Na União Europeia, a pressão já está formalizada. O Regulamento Europeu sobre Produtos Livres de Desmatamento, conhecido pela sigla EUDR, determina que soja, gado, café, cacau, madeira, borracha e óleo de palma, além de produtos derivados, somente poderão entrar no bloco quando houver comprovação de que não foram produzidos em áreas desmatadas depois de 31 de dezembro de 2020.
A regra começará a valer em 30 de dezembro de 2026 para grandes e médias empresas. A maioria das micro e pequenas terá até 30 de junho de 2027. O importador europeu será o responsável legal pela declaração, mas dependerá de informações fornecidas pela cadeia brasileira, como a localização geográfica da propriedade e a documentação necessária para demonstrar a origem do produto.
Esse é um dos pontos de maior atrito com o setor produtivo. O EUDR não considera apenas se o desmatamento foi legal ou ilegal segundo o Código Florestal brasileiro. Mesmo uma supressão de vegetação autorizada pelas autoridades nacionais, se realizada após a data de corte europeia, pode tornar o produto inelegível para aquele mercado.
No caso da soja, a rastreabilidade precisa chegar à propriedade onde o grão foi cultivado. A dificuldade aparece quando cargas de diferentes fazendas são reunidas em armazéns, cooperativas, cerealistas e tradings. A proposta é integrar documentos fiscais, cadastros ambientais, localização das áreas produtoras e registros comerciais, preservando a identificação da origem mesmo depois da mistura física do produto.
Na pecuária, o desafio é maior. Um bovino pode nascer em uma propriedade, passar pela recria em outra e ser terminado em uma terceira antes de chegar ao frigorífico. Atualmente, a indústria consegue fiscalizar com maior facilidade o fornecedor direto, responsável por entregar o animal para abate, mas nem sempre possui visibilidade completa das fazendas anteriores.
A Guia de Trânsito Animal registra a movimentação dos lotes, enquanto o Sistema Brasileiro de Identificação Individual de Bovinos e Búfalos permite acompanhar animais individualmente em cadeias que exigem esse controle. A adesão ao sistema individual, entretanto, ainda não alcança todo o rebanho nacional.
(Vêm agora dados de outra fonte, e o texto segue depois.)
lemma tr_max_ent_test:
  assumes "d\<^sup>2 \<le> N" "0 < d"
  shows "tr (replicate m N) Y (prodop (replicate m N) (\<lambda>_. max_ent_proj d))
       = (\<Sum>x\<in>idx (replicate m d). \<Sum>y\<in>idx (replicate m d). Y (pair_embed d x) (pair_embed d y))
         / of_nat d ^ m"
proof -
  let ?P = "prodop (replicate m N) (\<lambda>_. max_ent_proj d)"
  have off_diag: "?P j i = 0" "?P i j = 0" if "k < m" "pair_diag d (i ! k) = 0" for i j k
    using that by (auto simp: prodop_def max_ent_proj_def intro!: prod_zero bexI[of _ k])
  have on_diag: "?P (pair_embed d y) (pair_embed d x) = 1 / of_nat d ^ m"
    if "x \<in> idx (replicate m d)" "y \<in> idx (replicate m d)" for x y
  proof -
    have "max_ent_proj d (pair_embed d y ! k) (pair_embed d x ! k) = 1 / of_nat d" if "k < m" for k
      using \<open>k < m\<close> \<open>x \<in> _\<close> \<open>y \<in> _\<close>
      by (simp add: idx_def valid_replicate_iff pair_embed_def max_ent_proj_def pair_diag_def pair_digits)
    with that show ?thesis using valid_pair_embed[OF assms(1)]
      by (simp add: prodop_def idx_def power_one_over)
  qed
  have "tr (replicate m N) Y ?P
      = (\<Sum>x\<in>idx (replicate m d). \<Sum>y\<in>idx (replicate m d). Y (pair_embed d x) (pair_embed d y)
                                                            * ?P (pair_embed d y) (pair_embed d x))"
    unfolding tr_def
    by (subst sum_idx_pair_embed[OF assms], use off_diag in auto)
       (intro sum.cong refl sum_idx_pair_embed[OF assms], use off_diag in auto)
  also have "\<dots> = (\<Sum>x\<in>idx (replicate m d). \<Sum>y\<in>idx (replicate m d).
                     Y (pair_embed d x) (pair_embed d y)) / of_nat d ^ m"
    by (simp add: on_diag sum_divide_distrib)
  finally show ?thesis .
qed

lemma pair_embed_digit:
  assumes "x \<in> idx (replicate m d)"
  shows "map (\<lambda>a. a div d ^ l mod d) (pair_embed d x) = (if l < 2 then x else replicate m 0)"
proof -
  have "(x ! k + d * x ! k) div d ^ l mod d = (if l < 2 then x ! k else 0)" if "k < m" for k
  proof -
    have a: "x ! k < d" using assms that by (simp add: idx_def valid_replicate_iff)
    consider "l = 0" | "l = 1" | "2 \<le> l" by linarith
    then show ?thesis
    proof cases
      case 3
      have "x ! k + d * x ! k < d\<^sup>2" by (rule pair_digits(3)[OF a])
      also have "d\<^sup>2 \<le> d ^ l" using 3 a by (intro power_increasing) auto
      finally show ?thesis using 3 by simp
    qed (use pair_digits[OF a] a in simp_all)
  qed
  then show ?thesis using assms
    by (auto intro!: nth_equalityI simp: pair_embed_def idx_def valid_replicate_iff)
qed

lemma tr_commute: "tr ns A B = tr ns B A"
  unfolding tr_def by (subst sum.swap) (simp add: mult.commute)

lemma tr_scale_right: "tr ns Y (\<lambda>i j. c * A i j) = c * tr ns Y A"
  unfolding tr_def by (simp add: sum_distrib_left mult.left_commute)

lemma Id_md_sym: "Id_md m d x y = Id_md m d y x"
  by (auto simp: Id_md_def idop_def)

lemma pair_embed_digits:
  assumes "x \<in> idx (replicate m d)"
  shows "map (\<lambda>a. a mod d) (pair_embed d x) = x" "map (\<lambda>a. a div d mod d) (pair_embed d x) = x"
  using pair_embed_digit[OF assms, of 0] pair_embed_digit[OF assms, of 1] by simp_all

lemma tr_witness_max_ent_test:
  assumes "1 \<le> m" "1 \<le> d"
  shows "tr (replicate m (d\<^sup>2)) (witness_op m d) (prodop (replicate m (d\<^sup>2)) (\<lambda>_. max_ent_proj d))
       = (2 * of_nat d ^ m - of_nat d - of_nat d * of_nat d ^ m) / of_nat d ^ m"
proof -
  have d0: "0 < d" using assms(2) by simp
  let ?ns = "replicate m d"
  let ?A = "\<lambda>i j. Id_md m d i j - of_nat d * GHZ m d i j"
  let ?B = "\<lambda>i j. Id_md m d i j + of_nat d ^ m * GHZ m d i j"
  have "tr (replicate m (d\<^sup>2)) (witness_op m d) (prodop (replicate m (d\<^sup>2)) (\<lambda>_. max_ent_proj d))
      = (\<Sum>x\<in>idx ?ns. \<Sum>y\<in>idx ?ns. ?A x y * ?B x y) / of_nat d ^ m"
    unfolding tr_max_ent_test[OF order.refl d0] using valid_pair_embed[OF order.refl]
    by (intro arg_cong2[where f = "(/)"] sum.cong refl)
       (simp_all add: witness_op_def idx_def pair_embed_digits[unfolded idx_def])
  also have "(\<Sum>x\<in>idx ?ns. \<Sum>y\<in>idx ?ns. ?A x y * ?B x y) = tr ?ns ?A ?B"
    by (rule tr_sym_right[symmetric]) (simp add: Id_md_sym GHZ_sym)
  also have "\<dots> = 2 * of_nat d ^ m - of_nat d - of_nat d * of_nat d ^ m"
    using assms tr_commute[of ?ns "Id_md m d" "GHZ m d"]
    by (simp add: tr_diff_left tr_add_right tr_scale_left tr_scale_right tr_GHZ_GHZ algebra_simps
        tr_Id_idop[folded Id_md_def] tr_GHZ_idop[folded Id_md_def])
  finally show ?thesis .
qed

lemma witness_not_block_positive:
  assumes "1 \<le> m" "2 \<le> d"
  shows "\<not> block_positive (replicate m (d\<^sup>2)) (witness_op m d)"
proof
  assume "block_positive (replicate m (d\<^sup>2)) (witness_op m d)"
  then have "0 \<le> Re ((2 * of_nat d ^ m - of_nat d - of_nat d * of_nat d ^ m) / of_nat d ^ m)"
    using separable_max_ent_test[of d m] tr_witness_max_ent_test[of m d] assms
    unfolding block_positive_def by auto
  then have "0 \<le> (2 * real d ^ m - real d - real d * real d ^ m) / real d ^ m"
    by (simp del: of_nat_power add: of_nat_power[symmetric])
  moreover have "(2 * real d ^ m - real d - real d * real d ^ m) / real d ^ m < 0"
  proof -
    have "2 * real d ^ m \<le> real d * real d ^ m" using assms(2) by (intro mult_right_mono) auto
    then have "2 * real d ^ m - real d - real d * real d ^ m < 0" using assms(2) by linarith
    then show ?thesis using assms(2) by (simp add: divide_neg_pos)
  qed
  ultimately show False by linarith
qed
O governo iniciou a implantação do Plano Nacional de Identificação Individual de Bovinos e Búfalos, com execução prevista até 2032. A recomendação do estudo é que frigoríficos e compradores avancem desde já no controle dos fornecedores indiretos, sem esperar a identificação obrigatória de todos os animais.
A carne brasileira ainda enfrenta outro impasse com a União Europeia, que não deve ser confundido com o EUDR. Além da origem ambiental, o bloco exige garantias sobre o controle de determinados antimicrobianos durante todo o ciclo de vida dos animais. A Comissão Europeia anunciou a retirada do Brasil da lista de países autorizados a fornecer carnes e outros produtos de origem animal a partir de 3 de setembro de 2026, caso não considere suficientes as garantias apresentadas.
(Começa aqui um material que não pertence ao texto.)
lemma checked_sum_chain_from:
  fixes t :: "'a::comm_ring_1"
  defines "E \<equiv> \<lambda>v. if column_check n mu \<sigma> (length (alcove_chain n mu)) v then 1 else 0"
  assumes "2 \<le> j" "j \<le> Suc M" "u permutes {1..n}"
  shows "checked_sum t E (column_check n mu \<sigma>) (chain_from j) (be (j - 1)) u
       = (if column_matches (j - 1) u then (\<Prod>j'\<in>{j..M}. column_factor t j') else 0)"
  using assms(2-)
proof (induction "Suc M - j" arbitrary: j u)
  case 0
  then have "j = Suc M" by simp
  moreover have "column_check n mu \<sigma> (length (alcove_chain n mu)) u \<longleftrightarrow> column_matches M u"
    unfolding length_alcove_chain using mu_1_pos by (intro column_check_block_end) auto
  ultimately show ?case by (simp add: chain_from_def E_def)
next
  case (Suc d)
  have j: "2 \<le> j" "j \<le> M" using Suc by auto
  define C where "C = (\<Prod>j'\<in>{Suc j..M}. column_factor t j')"
  define E' where "E' = checked_sum t E (column_check n mu \<sigma>) (chain_from (Suc j)) (be j)"
  have IH: "E' w = (if column_matches j w then C else 0)" if "w permutes {1..n}" for w
    using Suc.hyps(1)[of "Suc j"] Suc.hyps(2) Suc.prems that unfolding E'_def C_def by simp
  have block_end: "be (j - 1) + length (cb j) = be j" using block_end_Suc[of "j - 1"] j by simp
  have "chain_from j = cb j @ chain_from (Suc j)"
    using j unfolding chain_from_def by (subst upt_conv_Cons) auto
  then have "checked_sum t E (column_check n mu \<sigma>) (chain_from j) (be (j - 1)) u
      = checked_sum t E' (column_check n mu \<sigma>) (cb j) (be (j - 1)) u"
    unfolding E'_def by (simp only: checked_sum_append block_end)
  also have "\<dots> = (if column_check n mu \<sigma> (be (j - 1)) u then path_sum t E' (cb j) u else 0)"
    using chain_block_nonempty[OF j] column_check_inside_block[OF j] block_end
    by (intro checked_sum_block) auto
  also have "\<dots> = (if column_matches (j - 1) u then C * column_factor t j else 0)"
    using column_check_block_end[of "j - 1"] path_sum_chain_block[OF j Suc.prems(3) _ IH] j by auto
  also have "\<dots> = (if column_matches (j - 1) u then (\<Prod>j'\<in>{j..M}. column_factor t j') else 0)"
    unfolding C_def using prod.atLeast_Suc_atMost[OF j(2), of "column_factor t"] by (simp add: mult.commute)
  finally show ?case .
qed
O governo brasileiro sustenta que possui um sistema oficial confiável e que somente certificará produtos que cumprirem integralmente as exigências europeias. O ponto de divergência é a cobrança de uma comprovação prévia para medidas implementadas progressivamente ao longo do ciclo produtivo. Na avicultura, esse ciclo pode ser concluído em cerca de 40 dias; na bovinocultura, a formação de animais plenamente elegíveis pode levar dois anos ou mais.
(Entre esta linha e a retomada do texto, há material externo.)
lemma path_between_trim:
  assumes "path_between E A B p"
  obtains q where "path_between E A B q" "meets_only_at_ends A B q" "set q \<subseteq> set p"
proof -
  have "hd p \<in> A" "last p \<in> B" "p \<noteq> []"
    using assms by (auto simp: path_between_def walk_def)
  then obtain u a w where p: "p = u @ a # w" "a \<in> A" "\<forall>z\<in>set w. z \<notin> A"
    using split_list_last_prop[of p "\<lambda>v. v \<in> A"] by (metis hd_in_set)
  then have aw: "path_between E A B (a # w)"
    using assms path_between_suffix by metis
  then have "last (a # w) \<in> B" by (simp add: path_between_def)
  then obtain u' b w' where aw_split: "a # w = u' @ b # w'" "b \<in> B" "\<forall>z\<in>set u'. z \<notin> B"
    using split_list_first_prop[of "a # w" "\<lambda>v. v \<in> B"] by (metis last_in_set list.distinct(1))
  let ?q = "u' @ [b]"
  have "path_between E A B ?q"
    using aw aw_split path_between_prefix by metis
  moreover have "hd ?q = a"
    using aw_split by (cases u') auto
  moreover have "set ?q \<subseteq> set (a # w)"
    using aw_split by auto
  moreover have "meets_only_at_ends A B ?q"
    unfolding meets_only_at_ends_def
  proof (intro conjI ballI impI)
    fix z assume "z \<in> set ?q" "z \<in> A"
    then show "z = hd ?q" using \<open>set ?q \<subseteq> set (a # w)\<close> \<open>hd ?q = a\<close> p(3) by auto
  next
    fix z assume "z \<in> set ?q" "z \<in> B"
    then show "z = last ?q" using aw_split(3) by auto
  qed
  ultimately show thesis
    using that[of ?q] p(1) by auto
qed

lemma inj_on_disjoint_nonempty:
  "disjoint_family_on S I \<Longrightarrow> (\<And>i. i \<in> I \<Longrightarrow> S i \<noteq> {}) \<Longrightarrow> inj_on S I"
  by (force simp: inj_on_def disjoint_family_on_def)

lemma disjoint_family_on_image:
  assumes "disjoint_family_on (\<lambda>i. S (t i)) I"
  shows "disjoint_family_on S (t ` I)"
  unfolding disjoint_family_on_def
proof (intro ballI impI)
  fix a b assume "a \<in> t ` I" "b \<in> t ` I" "a \<noteq> b"
  then obtain i j where "i \<in> I" "j \<in> I" "i \<noteq> j" "a = t i" "b = t j" by blast
  then show "S a \<inter> S b = {}" using assms by (simp add: disjoint_family_on_def)
qed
Assim, a carne brasileira enfrenta duas frentes distintas na Europa: a ambiental, relacionada ao desmatamento e à rastreabilidade da propriedade de origem; e a sanitária, ligada ao uso de antimicrobianos durante a vida do animal. A unificação dos sistemas proposta pelo WRI ajudaria principalmente na primeira frente. Para o produtor, o resultado dependerá de como essa integração será implementada, de quem pagará pela adaptação e de sua capacidade de reduzir burocracia, em vez de acrescentar uma nova camada de exigências ao campo.